2 Responses to Adcom Advice #3 - Don't Make Excuses

  1. salix caprea says:

    hello “m”,

    This post is particularly striking a note for me after a recent conversation with my TA (for a pre-req) to whom I was attempting to provide biographical information. This was in the context of an evaluation (of me, one of many to be used later in a combined L.O.R. from the university).

    Soon after I had requested this TA’s evaluation, she detailed what her “recommended range” was for premeds for a certain set of exams. Since my numbers were a few points below this range (only a few, but it would be noticed nonetheless), I wanted to find out if this would mean she would not complete my evaluation. When I indicated there were “a few” neuropsychological factors influencing my performance, she wanted to know why I did not use testing accommodations. But it seems I made several missteps similiar to those you describe above in attempting to respond.

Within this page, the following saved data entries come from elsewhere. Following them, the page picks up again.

lemma dependency_add_scaled:
  assumes "dependency n V a" "dependency n V b"
  shows "dependency n V (\<lambda>i. a i + c * b i)"
proof -
  have "(\<Sum>i<n. (a i + c * b i) *\<^sub>R V i) = (\<Sum>i<n. a i *\<^sub>R V i) + c *\<^sub>R (\<Sum>i<n. b i *\<^sub>R V i)"
    by (simp add: scaleR_add_left sum.distrib scaleR_sum_right)
  then show ?thesis using assms unfolding dependency_def by simp
qed

lemma dependency_scale: "dependency n V k \<Longrightarrow> dependency n V (\<lambda>i. c * k i)"
  using dependency_add_scaled[of n V "\<lambda>i. 0" k c] by (simp add: dependency_def)

lemma dependency_cong:
  assumes "\<forall>i<n. V i = W i"
  shows "dependency n V lam \<longleftrightarrow> dependency n W lam"
  using assms unfolding dependency_def by (metis (no_types, lifting) lessThan_iff sum.cong)

lemma dep_patterns_cong:
  assumes "\<forall>i<n. V i = W i"
  shows "dep_patterns n V = dep_patterns n W"
  by (rule set_eqI) (simp add: dep_patterns_iff dependency_cong[OF assms])

lemma sign_vec_in_sign_vectors: "sign_vec n lam \<in> sign_vectors n"
  by (auto simp: sign_vec_def sign_vectors_def sgn_if)

lemma finite_sign_vectors: "finite (sign_vectors n)"
proof (induction n)
  case 0
  have "sign_vectors 0 = {\<lambda>i. 0}" unfolding sign_vectors_def by auto
  then show ?case by simp
next
  case (Suc n)
  have "sign_vectors (Suc n) \<subseteq> (\<lambda>(F, v). F(n := v)) ` (sign_vectors n \<times> {-1, 0, 1})"
  proof
    fix F assume F: "F \<in> sign_vectors (Suc n)"
    then have "(F(n := 0), F n) \<in> sign_vectors n \<times> {-1, 0, 1}"
      unfolding sign_vectors_def by (auto simp: less_Suc_eq)
    then show "F \<in> (\<lambda>(F, v). F(n := v)) ` (sign_vectors n \<times> {-1, 0, 1})"
      by (rule rev_image_eqI) simp
  qed
  then show ?case using Suc.IH by (auto intro: finite_subset)
qed

lemma dep_patterns_subset_sign_vectors: "dep_patterns n V \<subseteq> sign_vectors n"
  by (auto simp: dep_patterns_iff sign_vec_in_sign_vectors)

lemma finite_dep_patterns: "finite (dep_patterns n V)"
  using finite_subset[OF dep_patterns_subset_sign_vectors finite_sign_vectors] .

lemma card_supp_dependency:
  assumes "gen_pos n (V :: nat \<Rightarrow> real^'r)" "CARD('r) \<le> n"
    and "dependency n V lam" "supp n lam \<noteq> {}"
  shows "CARD('r) + 1 \<le> card (supp n lam)"
proof (rule ccontr)
  assume "\<not> ?thesis"
  then have "cols_indep V (supp n lam)"
    using gen_pos_cols_indep[OF assms(1,2) supp_subset] by simp
  then have "\<forall>i\<in>supp n lam. lam i = 0"
    using cols_indep_sum_zero[OF _ supp_subset] assms(3) unfolding dependency_def supp_def by blast
  then show False using assms(4) by (auto simp: supp_def)
qed

lemma dep_patterns_empty:
  assumes "gen_pos n (V :: nat \<Rightarrow> real^'r)" "CARD('r) = n"
  shows "dep_patterns n V = {}"
proof -
  have "\<not> (dependency n V lam \<and> supp n lam \<noteq> {})" for lam
  proof
    assume "dependency n V lam \<and> supp n lam \<noteq> {}"
    then have "n + 1 \<le> card (supp n lam)"
      using card_supp_dependency[OF assms(1)] assms(2) by auto
    moreover have "card (supp n lam) \<le> n"
      using card_mono[OF _ supp_subset] by simp
    ultimately show False by simp
  qed
  then show ?thesis by (auto simp: dep_patterns_iff)
qed

lemma sgn_add_abs_less:
  fixes a b :: real
  assumes "\<bar>b\<bar> < \<bar>a\<bar>"
  shows "sgn (a + b) = sgn a"
  using assms by (auto simp: sgn_if abs_less_iff split: if_splits)

lemma sgn_eq_if_mult_pos:
  fixes a b :: real
  assumes "a * b > 0"
  shows "sgn a = sgn b"
  using assms by (auto simp: sgn_if zero_less_mult_iff)

lemma small_perturbation_keeps_signs:
  fixes lam nu :: "'a \<Rightarrow> real"
  assumes "finite T" "\<forall>i\<in>T. lam i \<noteq> 0"
  obtains eps where "eps > 0" "\<forall>i\<in>T. sgn (lam i + eps * nu i) = sgn (lam i)"
proof -
  define eps where "eps = Min (insert 1 ((\<lambda>i. \<bar>lam i\<bar> / (\<bar>nu i\<bar> + 1)) ` T))"
  have "0 < \<bar>lam i\<bar> / (\<bar>nu i\<bar> + 1)" if "i \<in> T" for i
    using assms(2) that by (intro divide_pos_pos) auto
  then have eps_pos: "eps > 0"
    unfolding eps_def using assms(1) by (simp add: Min_gr_iff)
  have "sgn (lam i + eps * nu i) = sgn (lam i)" if "i \<in> T" for i
  proof (rule sgn_add_abs_less)
    have "eps \<le> \<bar>lam i\<bar> / (\<bar>nu i\<bar> + 1)"
      unfolding eps_def using assms(1) that by (intro Min_le) auto
    then have "eps * (\<bar>nu i\<bar> + 1) \<le> \<bar>lam i\<bar>"
      by (simp add: le_divide_eq add_pos_nonneg)
    then show "\<bar>eps * nu i\<bar> < \<bar>lam i\<bar>"
      using eps_pos by (simp add: abs_mult algebra_simps)
  qed
  then show ?thesis using that eps_pos by blast
qed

    I had been out of school with my BA for quite a few years before returning to work on a premed program. I was coming from an environment in which there was open hostility towards testing accommodations, so I had no inclination to pursue these at my current school, especially when I had heard and read that it was a very bad idea for premeds to request testing acommodations, in situations like mine which did not exactly fit the criteria of “medical reasons and drastic life altering circumstances”.

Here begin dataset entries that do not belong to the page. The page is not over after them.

text \<open>AM--GM applied to \<open>b\<^sub>i = \<surd>m a\<^sub>i\<close>.\<close>
lemma ellipsoid_subset_Cbar_volume:
  fixes g :: "nat \<Rightarrow> real^'n::finite \<Rightarrow> real"
  assumes g: "onb_M0 k m g" and m: "0 < m" and c: "c \<in> Mset k"
    and a: "\<And>i. i < m \<Longrightarrow> 0 < a i" and E: "ellipsoid c g a m \<subseteq> Cbar k"
  shows "(\<Prod>i<m. a i) \<le> (1 / sqrt (real m)) ^ m"
    and "(\<Prod>i<m. a i) = (1 / sqrt (real m)) ^ m \<Longrightarrow> \<forall>i<m. a i = 1 / sqrt (real m)"
proof -
  define b where "b i = sqrt (real m) * a i" for i
  have b: "\<And>i. i < m \<Longrightarrow> 0 < b i"
    using a m by (simp add: b_def)
  have "(\<Sum>i<m. b i) = sqrt (real m) * (\<Sum>i<m. a i)"
    by (simp add: b_def sum_distrib_left)
  also have "\<dots> \<le> sqrt (real m) * sqrt (real m)"
    using ellipsoid_subset_Cbar_sum_le[OF g c a E] by (rule mult_left_mono) simp_all
  finally have b_sum: "(\<Sum>i<m. b i) \<le> real m"
    by simp
  have prod_a: "(\<Prod>i<m. a i) = (1 / sqrt (real m)) ^ m * (\<Prod>i<m. b i)"
    using m by (simp add: b_def prod.distrib power_one_over)
  have pos: "0 < (1 / sqrt (real m)) ^ m"
    using m by simp
  show "(\<Prod>i<m. a i) \<le> (1 / sqrt (real m)) ^ m"
    using prod_le_1_of_sum_le(1)[OF b b_sum] pos by (simp add: prod_a)
  assume "(\<Prod>i<m. a i) = (1 / sqrt (real m)) ^ m"
  then have "(\<Prod>i<m. b i) = 1"
    using pos m by (simp add: prod_a)
  then show "\<forall>i<m. a i = 1 / sqrt (real m)"
    using prod_le_1_of_sum_le(2)[OF b b_sum] m by (simp add: b_def field_simps)
qed

text \<open>When all \<open>a\<^sub>i = 1/\<surd>m\<close>, both sides of the pointwise bound on the sphere integrate to
  \<open>\<surd>m\<close>, so the bound is an equality there, which forces \<open>c = 1\<close> on the sphere.\<close>
lemma ellipsoid_subset_Cbar_center:
  fixes g :: "nat \<Rightarrow> real^'n::finite \<Rightarrow> real"
  assumes g: "onb_M0 k m g" and m: "0 < m" and c: "c \<in> Mset k"
    and a: "\<And>i. i < m \<Longrightarrow> a i = 1 / sqrt (real m)" and E: "ellipsoid c g a m \<subseteq> Cbar k"
  shows "c = r2k k"
proof -
  have c_forms: "c \<in> forms (2*k)" "sint c = 1"
    using c by (simp_all add: Mset_def)
  have a_pos: "\<And>i. i < m \<Longrightarrow> 0 < a i"
    using a m by simp
  define h where "h x = sqrt (real m) * c x - (\<Sum>i<m. a i * (g i x)^2)" for x
  have cont: "continuous_on UNIV (\<lambda>x. sqrt (real m) * c x)"
    "continuous_on UNIV (\<lambda>x. \<Sum>i<m. a i * (g i x)^2)"
    using forms_continuous[OF c_forms(1)] onb_M0_weighted_squares_continuous[OF g]
    by (auto intro: continuous_on_mult_left)
  then have h_cont: "continuous_on UNIV h"
    unfolding h_def by (intro continuous_on_diff)
  have "(\<Sum>i<m. a i) = sqrt (real m)"
    using a m by (simp add: real_div_sqrt)
  then have "sint h = 0"
    unfolding h_def using c_forms
    by (simp add: sint_diff[OF cont] sint_cmult sint_weighted_squares[OF onb_M0_orthonormal[OF g]])
  have "c x = r2k k x" if x: "norm x = 1" for x
  proof -
    have "h x = 0"
      using ellipsoid_subset_Cbar_sphere[OF g a_pos E] \<open>sint h = 0\<close> x
      by (intro sint_nonneg_eq_0_sphere[OF h_cont]) (simp_all add: h_def)
    then have "sqrt (real m) * c x = 1 / sqrt (real m) * (\<Sum>i<m. (g i x)^2)"
      by (simp add: h_def a sum_distrib_left)
    then show ?thesis
      using m by (simp add: onb_M0_sum_squares_sphere[OF g x] r2k_sphere[OF x] real_div_sqrt)
  qed
  then show ?thesis
    by (rule forms_eq_sphere[OF c_forms(1) r2k_forms])
qed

    My TA kindly yet very strongly expressed many of the same principles you give above, in encouraging me to 1) take acommodations and 2) not to mention the shortcomings which led me to seek those accommodations to anyone involved in evaluations, the L.O.R. or interviews, in any capacity. She was basically taking the role of an adcom member so she could give me an impression of how they would respond to the information I was giving.

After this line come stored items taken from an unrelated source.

(* Let $\Delta\vdash t$ be a closed nominal term-in-context and $\sigma$ a nominal substitution satisfying $\Delta$ (i.e., $\vdash a\#X\sigma$ for all $a\#X\in\Delta$) with domain contained in the variables of $t$ and $t\sigma$ ground. Let $\hat\sigma=\mathcal{T}^{s}(\Delta,t,\sigma)$. Then for every subterm $t'$ of $t$ (in particular $t'=t$), $[\![t'\sigma]\!]^{\Delta}_{\Lambda_t}=\hat\sigma([\![t']\!]^{\Delta}_{\Lambda_t})$.
   Context: Nominal terms: $s,t ::= a \mid \pi\cdot X \mid [a]s \mid f\,s \mid (s_1,\ldots,s_n)$ over atoms, variables, function symbols and finite-support permutations $\pi$ of atoms acting on terms in the usual nominal way. A freshness context $\Delta$ is a set of constraints $a\#X$; freshness judgements $\vdash a\#s$ are the standard nominal ones. Substitutions map variables to terms and are applied without avoiding capture, $(\pi\cdot X)\sigma=\pi\cdot(X\sigma)$. $\Delta\vdash t$ is closed if: (1) every atom occurrence $a$ in $t$ lies under an abstraction $[a]$; (2) if $\pi\cdot X$ is in the scope of an abstraction of $\pi(a)$ then every occurrence $\pi'\cdot X$ of $X$ in $t$ is in the scope of an abstraction of $\pi'(a)$, or $a\#X\in\Delta$; (3) for two occurrences $\pi_1\cdot X,\pi_2\cdot X$ and $a$ with $\pi_1(a)\neq\pi_2(a)$, if $a$ is not abstracted in one of the occurrences then $a\#X\in\Delta$. CRS: meta-terms $a\mid Z(t_1,\dots,t_n)\mid[a]t\mid f\,t\mid(t_1,\dots,t_n)$ modulo bound-variable renaming; a valuation assigns to an $n$-ary meta-variable a substitute $\underline{\lambda}(a_1,\dots,a_n).s$, and $\hat\sigma(Z(u_1,\dots,u_n))$ is $s$ with each $a_i$ replaced capture-avoidingly by $\hat\sigma(u_i)$, $\hat\sigma$ homomorphic on other constructs. Translation: $\Lambda_t(X)$ is the set of atoms $a$ such that some occurrence of $X$ in $t$ is in the scope of $[a]$ (a map from variables to sets of atoms). Fix a total order on atoms. For a map $\Lambda$ from variables to atom sets, $[\![\cdot]\!]^{\Delta}_{\Lambda}$ keeps atoms, abstractions, function applications and tuples unchanged and maps $\pi\cdot X$ to $X(\pi\cdot xs)$, where $xs$ is the ascending list of $\{\pi^{-1}(a)\mid a\in\Lambda(X)\}\setminus\{a\mid a\#X\in\Delta\}$ and $\pi$ is applied elementwise (no arguments if empty). Substitution translation: for $\sigma=[X_i\mapsto t_i]$, $\mathcal{T}^{s}(\Delta,t,\sigma)=[X_i\mapsto\underline{\lambda}(\pi_i\cdot xs_i).s_i]$, where $\pi_i$ is the permutation of the leftmost occurrence $\pi_i\cdot X_i$ of $X_i$ in $t$, $xs_i$ is the ascending list of $\{\pi_i^{-1}(a)\mid a\in\Lambda_t(X_i)\}\setminus\{a\mid a\#X_i\in\Delta\}$, and $s_i=[\![\pi_i\cdot t_i]\!]^{\Delta}_{\Lambda_{\pi_i\cdot t_i}}$. *)

theory Defs
  imports Main "HOL-Combinatorics.Perm"
begin

text \<open>Atoms are natural numbers; the fixed total order on atoms is the usual order on nat.
  Variables (= CRS meta-variables) have type 'v, function symbols type 'f.\<close>

type_synonym atom = nat

datatype ('f, 'v) nterm =
    Atm atom
  | Susp "atom perm" 'v
  | Abs atom "('f, 'v) nterm"
  | Fn 'f "('f, 'v) nterm"
  | Tup "('f, 'v) nterm list"

fun pact :: "atom perm \<Rightarrow> ('f, 'v) nterm \<Rightarrow> ('f, 'v) nterm" where
  "pact p (Atm a) = Atm (Perm.apply p a)"
| "pact p (Susp q X) = Susp (p * q) X"
| "pact p (Abs a s) = Abs (Perm.apply p a) (pact p s)"
| "pact p (Fn f s) = Fn f (pact p s)"
| "pact p (Tup ts) = Tup (map (pact p) ts)"

text \<open>Freshness judgement  Delta |- a # s  (Delta a set of constraints a # X, as pairs (a, X)).\<close>
fun fresh :: "(atom \<times> 'v) set \<Rightarrow> atom \<Rightarrow> ('f, 'v) nterm \<Rightarrow> bool" where
  "fresh D a (Atm b) = (a \<noteq> b)"
| "fresh D a (Susp p X) = ((Perm.apply (inverse p) a, X) \<in> D)"
| "fresh D a (Abs b s) = (a = b \<or> fresh D a s)"
| "fresh D a (Fn f s) = fresh D a s"
| "fresh D a (Tup ts) = (\<forall>s\<in>set ts. fresh D a s)"

text \<open>Substitution (not capture avoiding): (pi . X) sigma = pi . (X sigma).\<close>
fun nsubst :: "('v \<rightharpoonup> ('f, 'v) nterm) \<Rightarrow> ('f, 'v) nterm \<Rightarrow> ('f, 'v) nterm" where
  "nsubst \<sigma> (Atm a) = Atm a"
| "nsubst \<sigma> (Susp p X) = (case \<sigma> X of Some s \<Rightarrow> pact p s | None \<Rightarrow> Susp p X)"
| "nsubst \<sigma> (Abs a s) = Abs a (nsubst \<sigma> s)"
| "nsubst \<sigma> (Fn f s) = Fn f (nsubst \<sigma> s)"
| "nsubst \<sigma> (Tup ts) = Tup (map (nsubst \<sigma>) ts)"

text \<open>Occurrences of variables, in left-to-right order, each with the set of atoms
  abstracted above it (its scope).\<close>
fun occsB :: "atom set \<Rightarrow> ('f, 'v) nterm \<Rightarrow> (atom set \<times> atom perm \<times> 'v) list" where
  "occsB B (Atm a) = []"
| "occsB B (Susp p X) = [(B, p, X)]"
| "occsB B (Abs a s) = occsB (insert a B) s"
| "occsB B (Fn f s) = occsB B s"
| "occsB B (Tup ts) = concat (map (occsB B) ts)"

    I was very suprised how thin the line seemed between “information” and “excuse”, and what seemed to me like the complete reversal between the status of accommodations as “the excuses” in my undergrad years, versus today’s excuses being the mention of any shortcoming. I knew there were laws implemented to support testing accommodations but I did not have any indication that the premed/med-school-admissions culture had changed to accept testing accommodations in any significant way.

    Frankly I’m still trying to work out where the line is and how to navigate it, though your post has given me new ways of thinking about it where I was somewhat lost before. I follow what you’re saying about phrasing things positively in order to evidence growth - but I’m still very shaky about where my honest “this is who I am” becomes an excuse to an adcom rather than just part of the picture of my application and my pursuit of medical education.

    I’ve found your responses throughout this site to be very thoughtful (and I’m very grateful to be able to read all of it, and grateful for your continued comments even up to now despite your misgivings about the site and its audience). Perhaps you can shed some light on why medical school applicants cannot mention flaws and shortcomings if they exist? Not to dwell on them, but to acknowlege they exist and are part of who you are and could be as a doctor. If we all have flaws, why such danger in mentioning them? How is fairness administered by “marking applicants the same regardless of circumstances”? Can’t a person’s shortcomings an important part of how and why they strive to be an excellent phyisician? I ask it this way because this seems different to me than saying “despite one’s setbacks” but maybe we do mean the same thing.

    I do hope you find this inquiry somehow in line with what you set out to do on this blog, I’d be really glad if this were a dialog that somehow helped different kinds of people contribute to medicine, however they can. Thanks.

  2. medaholic says:

    Hi Salix Caprea,

    To further explain, adcoms don’t necessary look down on people who have had tough circumstances. When I say don’t make excuses, I don’t mean don’t mention things that are important to your application.

    The bottom line is don’t shoot yourself in the foot. If you have had testing accommodations in the past, don’t say my GPA is low because I have had some learning difficulties. Instead, you could mention how you learned to handle your handicap and overcome it.